Friday, December 18, 2009

The Game Overthinker

How is it that I only discovered this guy recently?

Seriously, our videos are so similar in style and subject matter that it's amazing I stumbled on his series literally weeks ago. And I know he didn't get the idea from me because he's been around longer. Crazy.

Anyway, the reason I bring him up is for those of you who haven't seen him yet either. I highly encourage checking his videos out. I don't always agree with his take on every topic, but he always puts together a strong argument and manages to keep a pretty objective viewpoint (despite his admitted Nintendo fandom). Like my own series, the main point is to get people thinking and talking, and his videos definitely succeed in that regard.

Another reason I'm recommending him here is because ... well, I know my own release schedule is atrociously slow. But now you know of another guy who does similar videos that you can enjoy while you wait. Go ahead and check him out. I won't hold it against ya.

In other news, I just made it through two of the busiest months I can remember ever having. Now I've got a nice long holiday break, during which I plan to get started on the next episode. Yay!

Monday, November 30, 2009

Talking About These: The Soundtrack

Quite a few people have asked me about the intro and outro music I use, so I figured an in-depth post might be in order.

Long before I started making these lectures, or even thinking about games in depth, I was part of a community called OverClocked ReMix. If you haven't stumbled across the site before, it's a community full of musicians who rearrange and remix video game music. I've been a contributing member there since 2003, though I haven't had time to remix anything new over the last year or two (I use the remixer handle "sephfire" there, if anyone is feeling curious).

Anyway, all of the music I use in my videos comes from the artists at OCR. If you ever wished you had a longer version of any of those outro tunes, you can find free downloads for all of them at the links below.

Penguin Cap by CarboHydroM
Mario 64 remix. This has been my intro music since the beginning. I wish he would submit more of his work to OCR. Fortunately, you can download most of it at his website.

Burning Up by Dj Redlight
Dr. Mario remix.

Star Fox remix. djpretzel is actually OCR's creator.

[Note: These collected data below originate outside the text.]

lemma nbisim_trans: "nbisim n M u N v \<Longrightarrow> nbisim n N v K w \<Longrightarrow> nbisim n M u K w"
proof (induction n arbitrary: u v w)
  case (Suc n)
  have "\<exists>w'. R K i w w' \<and> nbisim n M u' K w'" if r: "R M i u u'" for i u'
  proof -
    obtain v' where "R N i v v'" "nbisim n M u' N v'" using r Suc.prems(1) by simp blast
    moreover obtain w' where "R K i w w'" "nbisim n N v' K w'"
      using calculation(1) Suc.prems(2) by simp blast
    ultimately show ?thesis using Suc.IH by blast
  qed
  moreover have "\<exists>u'. R M i u u' \<and> nbisim n M u' K w'" if r: "R K i w w'" for i w'
  proof -
    obtain v' where "R N i v v'" "nbisim n N v' K w'" using r Suc.prems(2) by simp blast
    moreover obtain u' where "R M i u u'" "nbisim n M u' N v'"
      using calculation(1) Suc.prems(1) by simp blast
    ultimately show ?thesis using Suc.IH by blast
  qed
  ultimately show ?case using Suc.prems by simp
qed simp

lemma nbisim_Suc_imp: "nbisim (Suc n) M u N v \<Longrightarrow> nbisim n M u N v"
proof (induction n arbitrary: u v)
  case (Suc n)
  then show ?case by (simp (no_asm_use)) (metis Suc.IH)
qed simp

lemma nbisim_le_imp: "m \<le> n \<Longrightarrow> nbisim n M u N v \<Longrightarrow> nbisim m M u N v"
  by (induction rule: dec_induct) (blast dest: nbisim_Suc_imp)+

lemma nbisim_sat_eq:
  "nbisim n M u N v \<Longrightarrow> modal_depth \<phi> \<le> n \<Longrightarrow> sat M u \<phi> = sat N v \<phi>"
proof (induction \<phi> arbitrary: n u v)
  case (Box i p)
  then obtain m where n: "n = Suc m" and "modal_depth p \<le> m" by (cases n) auto
  then have "sat M u' p = sat N v' p" if "nbisim m M u' N v'" for u' v'
    using that Box.IH by blast
  then show ?case using Box.prems(1) n by simp metis
qed (auto dest: nbisim_valuation)

section \<open>Characteristic formulas\<close>

definition Dia :: "'i \<Rightarrow> ('a,'i) fm \<Rightarrow> ('a,'i) fm" where
  "Dia i p = Neg (Box i (Neg p))"

lemma sat_Dia [simp]: "sat M u (Dia i p) \<longleftrightarrow> (\<exists>v. R M i u v \<and> sat M v p)"
  by (simp add: Dia_def)

definition signature_fm :: "('a,'i) fm list \<Rightarrow> ('a,'i) fm set \<Rightarrow> ('a,'i) fm" where
  "signature_fm ps \<sigma> = foldr (\<lambda>p acc. Conj (if p \<in> \<sigma> then p else Neg p) acc) ps Top"

lemma sat_signature_fm:
  "sat M w (signature_fm ps \<sigma>) \<longleftrightarrow> (\<forall>p\<in>set ps. sat M w p \<longleftrightarrow> p \<in> \<sigma>)"
  unfolding signature_fm_def by (induction ps) auto

text \<open>With finitely many atoms and agents, agreement on the atoms and on the formulas
  \<open>\<diamond>\<^sub>i \<chi>\<close>, where \<open>\<chi>\<close> ranges over the finitely many signatures of a set determining
  \<open>n\<close>-bisimilarity, determines \<open>(n+1)\<close>-bisimilarity.\<close>
lemma nbisim_determined_by_finite_set:
  "\<exists>S :: ('a::finite, 'i::finite) fm set. finite S \<and>
     (\<forall>M u N v. (\<forall>p\<in>S. sat M u p = sat N v p) \<longrightarrow> nbisim n M u N v)"
proof (induction n)
  case 0
  have "nbisim 0 M u N v" if "\<forall>p\<in>range Atom. sat M u p = sat N v (p :: ('a,'i) fm)" for M u N v
  proof -
    have "\<forall>a. a \<in> V M u \<longleftrightarrow> a \<in> V N v" using that by simp
    then show ?thesis by auto
  qed
  moreover have "finite (range (Atom :: 'a \<Rightarrow> ('a,'i) fm))" by simp
  ultimately show ?case by blast
next
  case (Suc n)
  then obtain S :: "('a,'i) fm set" where "finite S"
    and S: "\<And>M u N v. \<forall>p\<in>S. sat M u p = sat N v p \<Longrightarrow> nbisim n M u N v" by blast
  then obtain ps where ps: "set ps = S" using finite_list by blast
  define S' where "S' = range Atom \<union> (\<lambda>(i, \<sigma>). Dia i (signature_fm ps \<sigma>)) ` (UNIV \<times> Pow S)"
  have "nbisim (Suc n) M u N v" if agree: "\<forall>p\<in>S'. sat M u p = sat N v p" for M u N v
  proof -
    have Dia_agree: "sat M u (Dia i (signature_fm ps \<sigma>)) = sat N v (Dia i (signature_fm ps \<sigma>))"
      if "\<sigma> \<subseteq> S" for i \<sigma>
    proof -
      have "Dia i (signature_fm ps \<sigma>) \<in> S'"
        unfolding S'_def using that by (auto intro!: image_eqI[of _ _ "(i, \<sigma>)"])
      then show ?thesis using agree by blast
    qed
    have "sat M u (Atom a) = sat N v (Atom a)" for a using agree unfolding S'_def by blast
    then have "V M u = V N v" by auto
    moreover have "\<exists>v'. R N i v v' \<and> nbisim n M u' N v'" if "R M i u u'" for i u'
    proof -
      let ?\<sigma> = "{p\<in>S. sat M u' p}"
      have "sat M u (Dia i (signature_fm ps ?\<sigma>))" using that by (auto simp: sat_signature_fm ps)
      then obtain v' where step: "R N i v v'" and "sat N v' (signature_fm ps ?\<sigma>)"
        using Dia_agree[of ?\<sigma> i] by auto
      then have "\<forall>p\<in>S. sat M u' p = sat N v' p" by (auto simp: sat_signature_fm ps)
      then show ?thesis using S step by blast
    qed
    moreover have "\<exists>u'. R M i u u' \<and> nbisim n M u' N v'" if "R N i v v'" for i v'
    proof -
      let ?\<sigma> = "{p\<in>S. sat N v' p}"
      have "sat N v (Dia i (signature_fm ps ?\<sigma>))" using that by (auto simp: sat_signature_fm ps)
      then obtain u' where step: "R M i u u'" and "sat M u' (signature_fm ps ?\<sigma>)"
        using Dia_agree[of ?\<sigma> i] by auto
      then have "\<forall>p\<in>S. sat M u' p = sat N v' p" by (auto simp: sat_signature_fm ps)
      then show ?thesis using S step by blast
    qed
    ultimately show ?thesis by simp
  qed
  moreover have "finite S'" using \<open>finite S\<close> unfolding S'_def by simp
  ultimately show ?case by blast
qed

Walk on Water by housethegrate
Sonic the Hedgehog 3 remix.

Bumpin by Joshua Morse
ToeJam & Earl remix.

Illusional Hop by Anthony Lofton & Joshua Morse
Castlevania: Symphony of the Night remix. Another track that was never officially released on OCR, it was part of a separate remix project by Bad Dudes. They've released multiple full length albums devoted to numerous games, from Chrono Trigger to Zombies Ate My Neighbors. You can download them all from their official site.

Mega Man 2 remix.

The Passing of the Blue Crown by Sixto Sounds, Steppo & Zircon
Mega Man 3 remix. Truly bad-ass.

I highly recommend exploring the site and enjoying all of the repackaged nostalgia it has to offer. All of the music is 100% free, spanning every genre from classical to techno to metal. You can use the official torrents to download large chunks of their library en masse, or you can peruse the site and pick-and-choose at your leisure.


Friday, November 6, 2009

Tuesday, November 3, 2009

Digital Cowboys' Latest Guest: James Portnow!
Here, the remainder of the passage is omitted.